• [What you are asked to do]:
The data below is to be set down again exactly as written.
#### Task input
lemma internal_adj_square_bound:
  assumes sg: "simple_graph V H" and reg: "regular V H 3" and \<delta>: "1/4 \<le> \<delta>"
    and ind: "\<forall>S. independent_set V H S \<longrightarrow> real (card S) \<le> \<delta> * real (card V)"
    and CV: "C \<subseteq> V"
  shows "4 * real (card C) ^ 2
           \<le> 4 * \<delta> * real (card V) * real (card C) + real (card V) * internal_adj H C"
proof -
  have finV: "finite V" using sg by (simp add: simple_graph_def)
  have indep_bound: "2 * (real (card A) - \<delta> * real (card V)) \<le> internal_adj H A"
    if "A \<subseteq> V" for A
    using large_independent_subset[OF sg that] ind by force
  have "card (V - C) = card V - card C"
    using CV finV by (meson card_Diff_subset finite_subset)
  then have card_rest: "real (card (V - C)) = real (card V) - real (card C)"
    using CV finV by (simp add: card_mono)
  have split: "internal_adj H C = 6 * real (card C) - 3 * real (card V) + internal_adj H (V - C)"
    using internal_adj_regular[OF sg reg CV] by simp
  show ?thesis
  proof (rule square_bound_from_edge_bounds[OF \<delta>])
    show "2 * (real (card C) - \<delta> * real (card V)) \<le> internal_adj H C"
      using indep_bound[OF CV] .
    show "4 * real (card C) - real (card V) - 2 * \<delta> * real (card V) \<le> internal_adj H C"
      using indep_bound[of "V - C"] card_rest split by auto
    show "6 * real (card C) - 3 * real (card V) \<le> internal_adj H C"
      using split internal_adj_nonneg[of H "V - C"] by linarith
  qed (use CV finV in \<open>simp_all add: card_mono internal_adj_nonneg\<close>)
qed

lemma cluster_modularity_bound:
  assumes sg: "simple_graph V H" and reg: "regular V H 3" and big: "card V > 4"
    and \<delta>: "1/4 \<le> \<delta>"
    and ind: "\<forall>S. independent_set V H S \<longrightarrow> real (card S) \<le> \<delta> * real (card V)"
    and CV: "C \<subseteq> V"
  shows "cluster_modularity V (complement_graph V H) C
           \<le> (4 * \<delta> - 1) / (real (card V) - 4) * real (card C) / real (card V)"
proof -
  define N where "N = real (card V)"
  define k where "k = real (card C)"
  define E where "E = internal_adj H C"
  have N: "N > 4" using big by (simp add: N_def)
  have "4 * k^2 \<le> 4 * \<delta> * N * k + N * E"
    using internal_adj_square_bound[OF sg reg \<delta> ind CV] by (simp add: N_def k_def E_def)
  then have "4 * k^2 / N \<le> (4 * \<delta> * N * k + N * E) / N"
    using N by (intro divide_right_mono) auto
  also have "\<dots> = 4 * \<delta> * k + E"
    using N by (simp add: field_simps)
  finally have "4 * k^2 / N - k - E \<le> (4 * \<delta> - 1) * k"
    by (simp add: left_diff_distrib)
  then have "(4 * k^2 / N - k - E) / (N * (N - 4)) \<le> ((4 * \<delta> - 1) * k) / (N * (N - 4))"
    using N by (intro divide_right_mono) auto
  also have "\<dots> = (4 * \<delta> - 1) / (N - 4) * k / N"
    by (simp add: field_simps)
  finally show ?thesis
    using cluster_modularity_complement[OF sg reg _ CV] big by (simp add: N_def k_def E_def)
qed

lemma OPT_le_of_cluster_bound:
  assumes finV: "finite V" and Vne: "V \<noteq> {}"
    and bound: "\<And>C. C \<subseteq> V \<Longrightarrow> cluster_modularity V G C \<le> c * real (card C) / real (card V)"
  shows "OPT V G \<le> c"
proof -
  have partition_le: "modularity V G P \<le> c" if P: "partition_on V P" for P
  proof -
    have PV: "C \<subseteq> V" if "C \<in> P" for C using P that by (auto simp: partition_on_def)
    have card_sum: "(\<Sum>C\<in>P. card C) = card V"
    proof -
      have "card (\<Union>P) = (\<Sum>C\<in>P. card C)"
        using P PV finV by (intro card_Union_disjoint) (auto simp: partition_on_def intro: finite_subset)
      then show ?thesis using P by (simp add: partition_on_def)
    qed
    have "modularity V G P \<le> (\<Sum>C\<in>P. c * real (card C) / real (card V))"
      unfolding modularity_def by (intro sum_mono bound PV)
    also have "\<dots> = c * real (\<Sum>C\<in>P. card C) / real (card V)"
      by (simp add: sum_divide_distrib[symmetric] sum_distrib_left)
    also have "\<dots> = c" using card_sum finV Vne by simp
    finally show ?thesis .
  qed
  have "{P. partition_on V P} \<subseteq> Pow (Pow V)" by (auto simp: partition_on_def)
  then have "finite {P. partition_on V P}" using finV by (simp add: finite_subset)
  then have "finite {modularity V G P | P. partition_on V P}"
    by (simp add: setcompr_eq_image)
  moreover have "{modularity V G P | P. partition_on V P} \<noteq> {}"
    using Vne by (auto simp: partition_on_def disjoint_def)
  ultimately show ?thesis
    unfolding OPT_def using partition_le by auto
qed

theorem mainTheorem9:
  fixes V :: "'a set" and H :: "'a \<Rightarrow> 'a \<Rightarrow> bool"
  assumes "simple_graph V H"
    and "regular V H 3"
    and "card V > 4"
    and "\<forall>S. independent_set V H S \<longrightarrow> real (card S) \<le> (94 / 194) * real (card V)"
  shows "OPT V (complement_graph V H) \<le> (4 * (94 / 194) - 1) / (real (card V) - 4)"
proof (rule OPT_le_of_cluster_bound)
  show "finite V" using assms(1) by (simp add: simple_graph_def)
  show "V \<noteq> {}" using assms(3) by auto
  show "cluster_modularity V (complement_graph V H) C
          \<le> (4 * (94 / 194) - 1) / (real (card V) - 4) * real (card C) / real (card V)"
    if "C \<subseteq> V" for C
    using cluster_modularity_bound[OF assms(1-3) _ assms(4) that] by simp
qed

end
########
• [Expected answer]:
lemma internal_adj_square_bound:
  assumes sg: "simple_graph V H" and reg: "regular V H 3" and \<delta>: "1/4 \<le> \<delta>"
    and ind: "\<forall>S. independent_set V H S \<longrightarrow> real (card S) \<le> \<delta> * real (card V)"
    and CV: "C \<subseteq> V"
  shows "4 * real (card C) ^ 2
           \<le> 4 * \<delta> * real (card V) * real (card C) + real (card V) * internal_adj H C"
proof -
  have finV: "finite V" using sg by (simp add: simple_graph_def)
  have indep_bound: "2 * (real (card A) - \<delta> * real (card V)) \<le> internal_adj H A"
    if "A \<subseteq> V" for A
    using large_independent_subset[OF sg that] ind by force
  have "card (V - C) = card V - card C"
    using CV finV by (meson card_Diff_subset finite_subset)
  then have card_rest: "real (card (V - C)) = real (card V) - real (card C)"
    using CV finV by (simp add: card_mono)
  have split: "internal_adj H C = 6 * real (card C) - 3 * real (card V) + internal_adj H (V - C)"
    using internal_adj_regular[OF sg reg CV] by simp
  show ?thesis
  proof (rule square_bound_from_edge_bounds[OF \<delta>])
    show "2 * (real (card C) - \<delta> * real (card V)) \<le> internal_adj H C"
      using indep_bound[OF CV] .
    show "4 * real (card C) - real (card V) - 2 * \<delta> * real (card V) \<le> internal_adj H C"
      using indep_bound[of "V - C"] card_rest split by auto
    show "6 * real (card C) - 3 * real (card V) \<le> internal_adj H C"
      using split internal_adj_nonneg[of H "V - C"] by linarith
  qed (use CV finV in \<open>simp_all add: card_mono internal_adj_nonneg\<close>)
qed

lemma cluster_modularity_bound:
  assumes sg: "simple_graph V H" and reg: "regular V H 3" and big: "card V > 4"
    and \<delta>: "1/4 \<le> \<delta>"
    and ind: "\<forall>S. independent_set V H S \<longrightarrow> real (card S) \<le> \<delta> * real (card V)"
    and CV: "C \<subseteq> V"
  shows "cluster_modularity V (complement_graph V H) C
           \<le> (4 * \<delta> - 1) / (real (card V) - 4) * real (card C) / real (card V)"
proof -
  define N where "N = real (card V)"
  define k where "k = real (card C)"
  define E where "E = internal_adj H C"
  have N: "N > 4" using big by (simp add: N_def)
  have "4 * k^2 \<le> 4 * \<delta> * N * k + N * E"
    using internal_adj_square_bound[OF sg reg \<delta> ind CV] by (simp add: N_def k_def E_def)
  then have "4 * k^2 / N \<le> (4 * \<delta> * N * k + N * E) / N"
    using N by (intro divide_right_mono) auto
  also have "\<dots> = 4 * \<delta> * k + E"
    using N by (simp add: field_simps)
  finally have "4 * k^2 / N - k - E \<le> (4 * \<delta> - 1) * k"
    by (simp add: left_diff_distrib)
  then have "(4 * k^2 / N - k - E) / (N * (N - 4)) \<le> ((4 * \<delta> - 1) * k) / (N * (N - 4))"
    using N by (intro divide_right_mono) auto
  also have "\<dots> = (4 * \<delta> - 1) / (N - 4) * k / N"
    by (simp add: field_simps)
  finally show ?thesis
    using cluster_modularity_complement[OF sg reg _ CV] big by (simp add: N_def k_def E_def)
qed

lemma OPT_le_of_cluster_bound:
  assumes finV: "finite V" and Vne: "V \<noteq> {}"
    and bound: "\<And>C. C \<subseteq> V \<Longrightarrow> cluster_modularity V G C \<le> c * real (card C) / real (card V)"
  shows "OPT V G \<le> c"
proof -
  have partition_le: "modularity V G P \<le> c" if P: "partition_on V P" for P
  proof -
    have PV: "C \<subseteq> V" if "C \<in> P" for C using P that by (auto simp: partition_on_def)
    have card_sum: "(\<Sum>C\<in>P. card C) = card V"
    proof -
      have "card (\<Union>P) = (\<Sum>C\<in>P. card C)"
        using P PV finV by (intro card_Union_disjoint) (auto simp: partition_on_def intro: finite_subset)
      then show ?thesis using P by (simp add: partition_on_def)
    qed
    have "modularity V G P \<le> (\<Sum>C\<in>P. c * real (card C) / real (card V))"
      unfolding modularity_def by (intro sum_mono bound PV)
    also have "\<dots> = c * real (\<Sum>C\<in>P. card C) / real (card V)"
      by (simp add: sum_divide_distrib[symmetric] sum_distrib_left)
    also have "\<dots> = c" using card_sum finV Vne by simp
    finally show ?thesis .
  qed
  have "{P. partition_on V P} \<subseteq> Pow (Pow V)" by (auto simp: partition_on_def)
  then have "finite {P. partition_on V P}" using finV by (simp add: finite_subset)
  then have "finite {modularity V G P | P. partition_on V P}"
    by (simp add: setcompr_eq_image)
  moreover have "{modularity V G P | P. partition_on V P} \<noteq> {}"
    using Vne by (auto simp: partition_on_def disjoint_def)
  ultimately show ?thesis
    unfolding OPT_def using partition_le by auto
qed

theorem mainTheorem9:
  fixes V :: "'a set" and H :: "'a \<Rightarrow> 'a \<Rightarrow> bool"
  assumes "simple_graph V H"
    and "regular V H 3"
    and "card V > 4"
    and "\<forall>S. independent_set V H S \<longrightarrow> real (card S) \<le> (94 / 194) * real (card V)"
  shows "OPT V (complement_graph V H) \<le> (4 * (94 / 194) - 1) / (real (card V) - 4)"
proof (rule OPT_le_of_cluster_bound)
  show "finite V" using assms(1) by (simp add: simple_graph_def)
  show "V \<noteq> {}" using assms(3) by auto
  show "cluster_modularity V (complement_graph V H) C
          \<le> (4 * (94 / 194) - 1) / (real (card V) - 4) * real (card C) / real (card V)"
    if "C \<subseteq> V" for C
    using cluster_modularity_bound[OF assms(1-3) _ assms(4) that] by simp
qed

end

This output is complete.